Un eclipse es un fenómeno por el cual un astro "desaparece" de la vista. Los más populares son los de Sol
y de Luna, aunque hay otros en la naturaleza como los eclipses estelares.
Los eclipses de Sol y de Luna se producen cuando tanto la Luna como el Sol se encuentran "cerca" de alguno
de los 2 nodos lunares.
Los nodos son los puntos donde se cruzan las órbitas de la eclíptica
(órbita de la Tierra alrededor del Sol) con la órbita de la Luna alrededor de la Tierra.
Ambas órbitas no se encuentran en un mismo plano sino que están inclinadas unos 5° una respecto de la otra.
Si la Luna y el Sol están cerca del mismo nodo, la Luna oculta total o parcialmente al Sol y ocurre un eclipse de Sol.
Si están en los nodos opuestos, la Luna pasa por el cono de sombra de la Tierra
(que es exactamente opuesto al Sol, como cualquier sombra) y el eclipse es de Luna.
En las zonas donde la sombra de la Luna llamada "umbra", o su prolongación
llamada "antumbra" tocan la Tierra, se podrá ver un eclipse Total o Anular de Sol según sea el caso.
En un eclipse total, el Sol está completamente ocultado por la Luna.
En las regiones adyacentes a la umbra, la Luna oculta al Sol parcialmente generando una zona de "penumbra".

En un eclipse anular, la Luna se ve inmersa dentro del disco solar y sólo puede verse
un anillo brillante alrededor del contorno oscuro de la Luna.
En las regiones adyacentes a la antumbra, domina la penumbra, donde de la Luna oculta parte del Sol.

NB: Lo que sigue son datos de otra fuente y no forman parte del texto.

definition DimN :: "nat \<Rightarrow> int list \<Rightarrow> real" where
  "DimN N nu = (\<Prod>(i,j)\<in>{(i,j). i < j \<and> j < N}.
      (real_of_int (nu!i - nu!j) - real i + real j) / (real j - real i))"

definition interlace :: "int list \<Rightarrow> int list \<Rightarrow> bool" where
  "interlace la nu \<longleftrightarrow> length nu = Suc (length la) \<and>
     (\<forall>i < length la. nu!i \<ge> la!i \<and> la!i \<ge> nu!(Suc i))"

definition DimKN :: "nat \<Rightarrow> nat \<Rightarrow> int list \<Rightarrow> int list \<Rightarrow> nat" where
  "DimKN K N ka nu = card {c :: int list list.
      length c = N - K + 1 \<and> c!0 = ka \<and> c!(N - K) = nu \<and>
      (\<forall>j \<le> N - K. c!j \<in> sigs (K + j)) \<and>
      (\<forall>j < N - K. interlace (c!j) (c!(Suc j)))}"

definition GT_link :: "nat \<Rightarrow> nat \<Rightarrow> int list \<Rightarrow> int list \<Rightarrow> real" where
  "GT_link N K nu ka = DimN K ka * real (DimKN K N ka nu) / DimN N nu"

(* Young diagrams: non-increasing lists of positive naturals (row lengths) *)
definition young :: "nat list \<Rightarrow> bool" where
  "young la \<longleftrightarrow> sorted_wrt (\<ge>) la \<and> 0 \<notin> set la"

definition size_yd :: "nat list \<Rightarrow> nat" where
  "size_yd la = sum_list la"

definition yd_subset :: "nat list \<Rightarrow> nat list \<Rightarrow> bool" where
  "yd_subset mu la \<longleftrightarrow> length mu \<le> length la \<and> (\<forall>i < length mu. mu!i \<le> la!i)"

definition cells :: "nat list \<Rightarrow> (nat \<times> nat) set" where
  "cells la = {(i,j). i < length la \<and> j < la!i}"
(* If $F:\mathbb{R}\to\mathbb{R}$ is a Darboux function whose set of points of continuity is uncountable, then there is a continuous, non-constant function $g:\mathbb{R}\to\mathbb{R}$ such that $F+g$ is Darboux.
   Context: A function $F:\mathbb{R}\to\mathbb{R}$ is Darboux if the image under $F$ of every interval is an interval. *)

theory Defs
  imports "HOL-Analysis.Analysis"
begin

text \<open>Intervals of the real line are exactly the sets satisfying is_interval
  (including empty and degenerate ones, which does not affect the notion).\<close>
definition darboux :: "(real \<Rightarrow> real) \<Rightarrow> bool" where
  "darboux F \<longleftrightarrow> (\<forall>I::real set. is_interval I \<longrightarrow> is_interval (F ` I))"

end

theory Submission
  imports Defs
begin

(* If g is continuous and locally constant around every discontinuity of the Darboux function F,
   then F + g is Darboux: if F + g omitted a value y between its values at the ends of a segment S,
   the predicate F + g < y would be locally constant on S (near a continuity point of F by
   continuity, near any other point because there F + g is F plus a constant and F maps
   subintervals onto intervals), contradicting the connectedness of S.

   Such a g exists when F has uncountably many continuity points. These contain a nonempty set D
   without isolated points, and around points of D one nests a Cantor scheme of closed intervals
   such that F oscillates by at most 1/(n+1) on each interval of level n+1. Every point of the
   resulting Cantor set is then a continuity point of F, and g is the Cantor function of the
   scheme: the limit of the proportion of level-n intervals lying to the left of x. It is
   continuous, rises from 0 to 1, and is locally constant off the Cantor set. *)

lemma darbouxI:
  fixes F :: "real \<Rightarrow> real"
  assumes "\<And>s t y. y \<in> closed_segment (F s) (F t) \<Longrightarrow> y \<in> F ` closed_segment s t"
  shows "darboux F"
  unfolding darboux_def
proof (intro allI impI)
  fix I :: "real set"
  assume I: "is_interval I"
  show "is_interval (F ` I)"
    unfolding is_interval_1
  proof (intro ballI allI impI)
    fix u v y
    assume "u \<in> F ` I" "v \<in> F ` I" "u \<le> y \<and> y \<le> v"
    then obtain s t where st: "s \<in> I" "t \<in> I" and "y \<in> closed_segment (F s) (F t)"
      by (auto simp: closed_segment_eq_real_ivl)
    from this(3) have "y \<in> F ` closed_segment s t" by (rule assms)
    moreover have "closed_segment s t \<subseteq> I"
      using I st by (meson is_interval_convex convex_contains_segment)
    ultimately show "y \<in> F ` I" by blast
  qed
qed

Los observadores que se encuentren en la penumbra apreciarán un eclipse parcial,
con diferentes grados de oscurecimiento dependiendo de las condiciones del eclipse.
A medida que estos astros se mueven, la umbra/antumbra “barre” la superficie terrestre a lo
largo de una franja donde se puede apreciar el eclipse total/anular de Sol.
Los observadores ubicados a lo largo de esta franja de centralidad podrán ver el eclipse total/anular.
La penumbra también barre parte de la superficie terrestre dejando una región
mucho más extensa donde puede verse un eclipse parcial.

Como dijimos, un eclipse de Sol puede ser total, anular o parcial. Todos ellos tienen una probabilidad de ocurrencia muy parecida. El 27% de los eclipses de Sol son totales, el 33% son anulares y el 35% son parciales. El 5% restante de los eclipses de Sol corresponde a eclipses híbridos, que consisten en una combinación de eclipse anular y total, dependiendo de la posición del observador sobre la Tierra.

La ocurrencia de un eclipse de Sol no es excepcional y son tan frecuentes como los de Luna.
En realidad un poquito más. La diferencia radica en que cuando ocurre un eclipse de Luna,
más de la mitad del planeta Tierra (la mitad nocturna) puede observarlo.
En cambio los eclipses solares solo son observables en la zona por donde el cono de sombra
de la Luna barre la superficie de la Tierra, que es una región mucho más pequeña.
Por eso, para un obsevador en un lugar fijo de la Tierra es mucho más frecuente ver un
eclipse de Luna que uno de Sol.
La velocidad de la Tierra en su órbita hace que mientras el Sol está cerca de un nodo, la Luna pueda pasar por un nodo y 2 semanas despúes por el otro. De esta forma ocurren un eclipse de Sol y luego uno de Luna, o al revés, primero uno de Luna y luego uno de Sol. Incluso a veces hay tiempo suficiente para que la Luna vuelva a pasar otra vez por el otro nodo, dando lugar a un tercer eclipse. En este caso puede ocurrir una secuencia de eclipses Sol-Luna-Sol, o Luna-Sol-Luna. Estas seguidilla de 2 ó 3 eclipses se denominan "temporadas de eclipses". Luego de una de estas "temporadas", el Sol (en realidad la Tierra en su movimiento orbital) tardará unos 6 meses en llegar al nodo opuesto y estará en condiciones de que ocurra una nueva temporada de eclipses. De este modo se tienen 2 temporadas de eclipses por año. Según como se combinen las 2 temporadas que haya en el año, podrán haber desde 4 hasta 6 eclipses por año. Rara vez puede haber 7 eclipses si la primer temporada ocurre muy a comienzos del año calendario.